▶ Directions: Output every entry exactly, from the first line to the last.

▶ Records to process:
========================================================================

(* Suppose A1–A3 hold and that $\sum_{k=0}^{\infty}\nu_k<+\infty$. Let $\{x_k\}$ be generated by Algorithm 1 and let $\epsilon\in(0,1)$. If $T$ is a positive integer with $$T\ge 2\max\left\{\sum_{k=0}^{\infty}\nu_k,\ f(x_0)-f_{low}\right\}\kappa_c^{-1}\epsilon^{-2},$$ then $\min_{k=0,\dots,T-1}\|\nabla f(x_k)\|\le\epsilon$.
   Context: Let $(X,\langle\cdot,\cdot\rangle)$ be a real Hilbert space with induced norm $\|\cdot\|$, and $f:X\to\mathbb{R}$ Fréchet differentiable with gradient $\nabla f$. Algorithm 1 (general non-monotone descent algorithm): parameters $x_0\in X$, $\alpha_0>0$, $\beta,\rho\in(0,1)$. For $k=0,1,2,\dots$: choose $d_k\in X$ with $\langle\nabla f(x_k),d_k\rangle<0$; then for $l=0,1,2,\dots$ choose a number $\nu_{k,l}\ge 0$ and test $$f(x_k+\alpha_k\beta^l d_k)\le f(x_k)+\rho\alpha_k\beta^l\langle\nabla f(x_k),d_k\rangle+\nu_{k,l};$$ let $l_k$ be the first $l$ for which this holds, set $\nu_k:=\nu_{k,l_k}$, $x_{k+1}=x_k+\alpha_k\beta^{l_k}d_k$ and $\alpha_{k+1}=\alpha_k\beta^{l_k-1}$. It is assumed the algorithm generates infinite sequences (all $l_k$ finite). Assumptions: A1: $\nabla f$ is Lipschitz continuous with constant $L>0$. A2: there is $f_{low}\in\mathbb{R}$ with $f(x)\ge f_{low}$ for all $x\in X$. A3: there are constants $c_1,c_2>0$ with $\langle\nabla f(x_k),d_k\rangle\le -c_1\|\nabla f(x_k)\|^2$ and $\|d_k\|\le c_2\|\nabla f(x_k)\|$ for all $k$. Constant: $\kappa_c=\min\left\{\rho\beta\alpha_0c_1,\ \frac{2\beta\rho(1-\rho)c_1^2}{Lc_2^2}\right\}$. *)

theory Defs
  imports "HOL-Analysis.Analysis"
begin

========================================================================

▶ Problem solution:
(* Suppose A1–A3 hold and that $\sum_{k=0}^{\infty}\nu_k<+\infty$. Let $\{x_k\}$ be generated by Algorithm 1 and let $\epsilon\in(0,1)$. If $T$ is a positive integer with $$T\ge 2\max\left\{\sum_{k=0}^{\infty}\nu_k,\ f(x_0)-f_{low}\right\}\kappa_c^{-1}\epsilon^{-2},$$ then $\min_{k=0,\dots,T-1}\|\nabla f(x_k)\|\le\epsilon$.
   Context: Let $(X,\langle\cdot,\cdot\rangle)$ be a real Hilbert space with induced norm $\|\cdot\|$, and $f:X\to\mathbb{R}$ Fréchet differentiable with gradient $\nabla f$. Algorithm 1 (general non-monotone descent algorithm): parameters $x_0\in X$, $\alpha_0>0$, $\beta,\rho\in(0,1)$. For $k=0,1,2,\dots$: choose $d_k\in X$ with $\langle\nabla f(x_k),d_k\rangle<0$; then for $l=0,1,2,\dots$ choose a number $\nu_{k,l}\ge 0$ and test $$f(x_k+\alpha_k\beta^l d_k)\le f(x_k)+\rho\alpha_k\beta^l\langle\nabla f(x_k),d_k\rangle+\nu_{k,l};$$ let $l_k$ be the first $l$ for which this holds, set $\nu_k:=\nu_{k,l_k}$, $x_{k+1}=x_k+\alpha_k\beta^{l_k}d_k$ and $\alpha_{k+1}=\alpha_k\beta^{l_k-1}$. It is assumed the algorithm generates infinite sequences (all $l_k$ finite). Assumptions: A1: $\nabla f$ is Lipschitz continuous with constant $L>0$. A2: there is $f_{low}\in\mathbb{R}$ with $f(x)\ge f_{low}$ for all $x\in X$. A3: there are constants $c_1,c_2>0$ with $\langle\nabla f(x_k),d_k\rangle\le -c_1\|\nabla f(x_k)\|^2$ and $\|d_k\|\le c_2\|\nabla f(x_k)\|$ for all $k$. Constant: $\kappa_c=\min\left\{\rho\beta\alpha_0c_1,\ \frac{2\beta\rho(1-\rho)c_1^2}{Lc_2^2}\right\}$. *)

theory Defs
  imports "HOL-Analysis.Analysis"
begin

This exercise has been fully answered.